### Problem statement
Exactly as written, copy the lines of the data below from the first through the one containing "g x + \<tau>".

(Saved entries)
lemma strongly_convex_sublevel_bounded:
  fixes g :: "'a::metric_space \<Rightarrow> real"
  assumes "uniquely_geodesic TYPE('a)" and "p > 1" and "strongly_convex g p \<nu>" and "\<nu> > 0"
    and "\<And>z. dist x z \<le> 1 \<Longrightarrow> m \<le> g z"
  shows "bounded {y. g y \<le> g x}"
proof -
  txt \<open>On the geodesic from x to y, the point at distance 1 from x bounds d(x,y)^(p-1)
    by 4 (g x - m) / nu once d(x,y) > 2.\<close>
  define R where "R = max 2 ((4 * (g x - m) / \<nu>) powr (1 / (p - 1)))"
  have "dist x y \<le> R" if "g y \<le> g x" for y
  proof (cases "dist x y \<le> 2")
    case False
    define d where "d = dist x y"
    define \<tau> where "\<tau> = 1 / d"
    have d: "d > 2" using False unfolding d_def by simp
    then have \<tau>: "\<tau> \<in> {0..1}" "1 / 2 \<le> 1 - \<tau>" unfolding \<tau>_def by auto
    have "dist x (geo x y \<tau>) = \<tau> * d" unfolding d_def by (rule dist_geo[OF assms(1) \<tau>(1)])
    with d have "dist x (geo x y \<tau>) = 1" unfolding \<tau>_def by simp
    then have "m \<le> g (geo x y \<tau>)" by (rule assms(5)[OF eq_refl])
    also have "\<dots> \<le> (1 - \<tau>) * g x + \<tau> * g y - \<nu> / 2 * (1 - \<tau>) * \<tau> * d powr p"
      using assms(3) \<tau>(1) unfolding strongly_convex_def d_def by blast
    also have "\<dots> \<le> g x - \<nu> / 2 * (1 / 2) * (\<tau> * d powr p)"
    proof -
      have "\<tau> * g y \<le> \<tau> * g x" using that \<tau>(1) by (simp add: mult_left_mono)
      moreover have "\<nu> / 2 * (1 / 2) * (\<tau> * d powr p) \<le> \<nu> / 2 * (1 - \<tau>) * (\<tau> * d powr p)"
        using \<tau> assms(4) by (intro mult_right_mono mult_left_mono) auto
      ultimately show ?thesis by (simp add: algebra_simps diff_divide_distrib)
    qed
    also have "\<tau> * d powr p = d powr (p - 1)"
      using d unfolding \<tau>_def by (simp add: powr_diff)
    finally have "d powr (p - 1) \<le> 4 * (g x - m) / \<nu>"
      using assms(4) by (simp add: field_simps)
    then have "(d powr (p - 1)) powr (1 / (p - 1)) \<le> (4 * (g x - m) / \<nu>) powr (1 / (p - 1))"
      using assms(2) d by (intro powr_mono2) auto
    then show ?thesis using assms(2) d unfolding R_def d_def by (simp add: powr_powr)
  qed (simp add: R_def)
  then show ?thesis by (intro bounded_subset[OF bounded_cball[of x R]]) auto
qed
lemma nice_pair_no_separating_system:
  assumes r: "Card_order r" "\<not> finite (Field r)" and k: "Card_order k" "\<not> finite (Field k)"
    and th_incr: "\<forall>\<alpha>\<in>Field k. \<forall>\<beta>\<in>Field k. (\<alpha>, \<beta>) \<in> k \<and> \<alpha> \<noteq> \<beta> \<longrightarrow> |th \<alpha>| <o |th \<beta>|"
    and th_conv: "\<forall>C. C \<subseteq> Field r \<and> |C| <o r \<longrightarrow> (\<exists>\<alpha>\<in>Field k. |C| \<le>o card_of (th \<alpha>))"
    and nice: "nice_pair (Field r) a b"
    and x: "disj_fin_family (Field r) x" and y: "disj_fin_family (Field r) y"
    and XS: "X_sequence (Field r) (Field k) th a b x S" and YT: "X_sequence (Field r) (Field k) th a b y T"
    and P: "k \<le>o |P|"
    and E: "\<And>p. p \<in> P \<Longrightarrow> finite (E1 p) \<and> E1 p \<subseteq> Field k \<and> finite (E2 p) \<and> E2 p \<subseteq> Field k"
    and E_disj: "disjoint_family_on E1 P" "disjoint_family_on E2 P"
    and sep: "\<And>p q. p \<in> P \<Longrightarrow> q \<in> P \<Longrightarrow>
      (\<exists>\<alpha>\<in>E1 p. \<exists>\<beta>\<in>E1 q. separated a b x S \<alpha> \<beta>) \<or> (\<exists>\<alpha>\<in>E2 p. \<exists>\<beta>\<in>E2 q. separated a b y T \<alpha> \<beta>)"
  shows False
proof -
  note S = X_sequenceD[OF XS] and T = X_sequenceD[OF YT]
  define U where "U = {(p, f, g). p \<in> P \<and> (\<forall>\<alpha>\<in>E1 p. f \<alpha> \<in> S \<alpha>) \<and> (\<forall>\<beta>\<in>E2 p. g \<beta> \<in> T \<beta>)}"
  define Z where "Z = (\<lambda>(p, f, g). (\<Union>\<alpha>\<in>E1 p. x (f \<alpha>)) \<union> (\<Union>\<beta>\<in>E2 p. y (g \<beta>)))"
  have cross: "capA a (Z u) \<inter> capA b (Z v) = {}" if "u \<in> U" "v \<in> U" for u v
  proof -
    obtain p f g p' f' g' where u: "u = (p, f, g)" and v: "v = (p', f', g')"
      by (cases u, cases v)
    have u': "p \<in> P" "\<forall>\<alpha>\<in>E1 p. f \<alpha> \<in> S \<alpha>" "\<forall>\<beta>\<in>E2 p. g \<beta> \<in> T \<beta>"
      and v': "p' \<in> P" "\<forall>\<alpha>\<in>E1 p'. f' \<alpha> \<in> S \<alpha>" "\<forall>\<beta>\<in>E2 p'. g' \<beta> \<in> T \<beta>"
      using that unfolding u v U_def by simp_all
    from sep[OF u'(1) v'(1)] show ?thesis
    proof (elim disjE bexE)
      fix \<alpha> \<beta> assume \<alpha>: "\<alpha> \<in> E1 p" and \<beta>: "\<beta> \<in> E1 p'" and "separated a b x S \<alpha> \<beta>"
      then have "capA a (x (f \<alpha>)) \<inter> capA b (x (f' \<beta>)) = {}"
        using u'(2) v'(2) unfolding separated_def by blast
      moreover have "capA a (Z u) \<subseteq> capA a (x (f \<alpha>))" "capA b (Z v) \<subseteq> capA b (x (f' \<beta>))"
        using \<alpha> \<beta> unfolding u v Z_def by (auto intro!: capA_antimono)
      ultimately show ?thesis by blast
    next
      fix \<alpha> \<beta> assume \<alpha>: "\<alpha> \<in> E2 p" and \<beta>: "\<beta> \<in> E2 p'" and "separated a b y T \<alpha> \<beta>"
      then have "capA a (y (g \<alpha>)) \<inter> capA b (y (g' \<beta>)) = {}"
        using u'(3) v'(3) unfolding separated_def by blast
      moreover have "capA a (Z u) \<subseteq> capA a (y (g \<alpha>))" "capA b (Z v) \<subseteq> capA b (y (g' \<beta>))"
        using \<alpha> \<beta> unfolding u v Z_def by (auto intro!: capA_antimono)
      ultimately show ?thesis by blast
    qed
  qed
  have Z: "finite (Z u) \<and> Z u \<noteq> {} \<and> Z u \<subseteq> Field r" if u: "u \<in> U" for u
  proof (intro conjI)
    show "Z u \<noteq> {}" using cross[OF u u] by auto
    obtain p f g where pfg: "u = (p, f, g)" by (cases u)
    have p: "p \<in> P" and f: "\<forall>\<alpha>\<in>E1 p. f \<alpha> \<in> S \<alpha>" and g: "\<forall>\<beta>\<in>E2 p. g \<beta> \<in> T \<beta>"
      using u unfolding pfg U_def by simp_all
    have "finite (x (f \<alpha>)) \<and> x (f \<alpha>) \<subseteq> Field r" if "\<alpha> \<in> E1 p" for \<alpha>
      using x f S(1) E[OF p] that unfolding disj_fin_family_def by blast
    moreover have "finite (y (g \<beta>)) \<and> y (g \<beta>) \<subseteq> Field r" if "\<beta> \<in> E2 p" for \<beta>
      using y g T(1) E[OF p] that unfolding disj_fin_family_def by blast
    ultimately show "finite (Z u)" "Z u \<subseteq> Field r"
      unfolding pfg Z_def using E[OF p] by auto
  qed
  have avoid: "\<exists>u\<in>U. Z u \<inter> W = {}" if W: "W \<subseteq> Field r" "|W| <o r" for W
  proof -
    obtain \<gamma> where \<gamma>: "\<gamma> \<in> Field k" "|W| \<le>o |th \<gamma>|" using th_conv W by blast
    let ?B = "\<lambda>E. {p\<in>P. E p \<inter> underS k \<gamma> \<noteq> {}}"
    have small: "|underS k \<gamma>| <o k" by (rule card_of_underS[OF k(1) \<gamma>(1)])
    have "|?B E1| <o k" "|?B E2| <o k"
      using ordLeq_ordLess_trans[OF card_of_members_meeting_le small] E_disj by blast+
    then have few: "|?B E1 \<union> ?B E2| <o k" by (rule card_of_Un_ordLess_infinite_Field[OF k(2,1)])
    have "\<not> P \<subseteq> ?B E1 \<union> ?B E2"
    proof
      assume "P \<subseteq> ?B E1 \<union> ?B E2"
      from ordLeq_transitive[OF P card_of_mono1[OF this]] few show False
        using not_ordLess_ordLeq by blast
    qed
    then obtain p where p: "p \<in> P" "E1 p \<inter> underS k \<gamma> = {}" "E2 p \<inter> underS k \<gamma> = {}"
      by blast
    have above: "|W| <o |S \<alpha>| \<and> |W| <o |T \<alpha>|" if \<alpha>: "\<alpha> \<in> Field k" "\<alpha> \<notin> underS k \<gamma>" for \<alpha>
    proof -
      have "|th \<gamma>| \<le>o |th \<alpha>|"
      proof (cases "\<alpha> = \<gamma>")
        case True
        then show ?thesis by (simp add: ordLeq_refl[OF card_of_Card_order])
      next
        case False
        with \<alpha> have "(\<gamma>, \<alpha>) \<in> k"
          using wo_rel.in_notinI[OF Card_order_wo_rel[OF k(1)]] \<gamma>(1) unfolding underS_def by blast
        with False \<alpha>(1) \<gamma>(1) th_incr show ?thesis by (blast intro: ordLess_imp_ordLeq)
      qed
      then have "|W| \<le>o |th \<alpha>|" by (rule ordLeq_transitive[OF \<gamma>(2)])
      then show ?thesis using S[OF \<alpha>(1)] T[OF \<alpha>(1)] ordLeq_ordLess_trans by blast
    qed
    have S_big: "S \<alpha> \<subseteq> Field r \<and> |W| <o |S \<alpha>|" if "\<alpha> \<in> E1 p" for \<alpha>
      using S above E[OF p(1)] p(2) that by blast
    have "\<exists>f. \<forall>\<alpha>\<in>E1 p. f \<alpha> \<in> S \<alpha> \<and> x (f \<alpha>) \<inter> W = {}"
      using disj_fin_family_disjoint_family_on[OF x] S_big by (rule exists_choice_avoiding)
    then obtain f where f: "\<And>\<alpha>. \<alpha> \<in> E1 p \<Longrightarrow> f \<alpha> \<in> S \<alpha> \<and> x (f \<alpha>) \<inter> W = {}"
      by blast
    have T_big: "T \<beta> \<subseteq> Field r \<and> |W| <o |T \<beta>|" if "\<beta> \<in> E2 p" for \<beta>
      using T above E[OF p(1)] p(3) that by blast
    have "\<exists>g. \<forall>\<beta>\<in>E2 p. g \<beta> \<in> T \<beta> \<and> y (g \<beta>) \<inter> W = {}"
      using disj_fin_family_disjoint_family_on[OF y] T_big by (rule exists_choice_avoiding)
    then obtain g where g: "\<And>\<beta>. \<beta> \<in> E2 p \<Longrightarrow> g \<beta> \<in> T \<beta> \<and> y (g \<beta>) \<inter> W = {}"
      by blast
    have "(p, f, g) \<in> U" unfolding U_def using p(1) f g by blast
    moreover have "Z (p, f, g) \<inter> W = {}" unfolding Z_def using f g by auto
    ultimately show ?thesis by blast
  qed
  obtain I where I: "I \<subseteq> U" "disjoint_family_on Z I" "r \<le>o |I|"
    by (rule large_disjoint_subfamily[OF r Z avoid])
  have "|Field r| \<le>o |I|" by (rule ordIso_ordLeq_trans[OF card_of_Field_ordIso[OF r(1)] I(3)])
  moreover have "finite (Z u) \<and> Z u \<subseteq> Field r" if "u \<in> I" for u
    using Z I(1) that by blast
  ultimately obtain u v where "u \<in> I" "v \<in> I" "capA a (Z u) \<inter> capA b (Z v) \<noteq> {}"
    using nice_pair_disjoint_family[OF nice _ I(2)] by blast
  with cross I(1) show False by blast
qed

### Output below
lemma strongly_convex_sublevel_bounded:
  fixes g :: "'a::metric_space \<Rightarrow> real"
  assumes "uniquely_geodesic TYPE('a)" and "p > 1" and "strongly_convex g p \<nu>" and "\<nu> > 0"
    and "\<And>z. dist x z \<le> 1 \<Longrightarrow> m \<le> g z"
  shows "bounded {y. g y \<le> g x}"
proof -
  txt \<open>On the geodesic from x to y, the point at distance 1 from x bounds d(x,y)^(p-1)
    by 4 (g x - m) / nu once d(x,y) > 2.\<close>
  define R where "R = max 2 ((4 * (g x - m) / \<nu>) powr (1 / (p - 1)))"
  have "dist x y \<le> R" if "g y \<le> g x" for y
  proof (cases "dist x y \<le> 2")
    case False
    define d where "d = dist x y"
    define \<tau> where "\<tau> = 1 / d"
    have d: "d > 2" using False unfolding d_def by simp
    then have \<tau>: "\<tau> \<in> {0..1}" "1 / 2 \<le> 1 - \<tau>" unfolding \<tau>_def by auto
    have "dist x (geo x y \<tau>) = \<tau> * d" unfolding d_def by (rule dist_geo[OF assms(1) \<tau>(1)])
    with d have "dist x (geo x y \<tau>) = 1" unfolding \<tau>_def by simp
    then have "m \<le> g (geo x y \<tau>)" by (rule assms(5)[OF eq_refl])
    also have "\<dots> \<le> (1 - \<tau>) * g x + \<tau> * g y - \<nu> / 2 * (1 - \<tau>) * \<tau> * d powr p"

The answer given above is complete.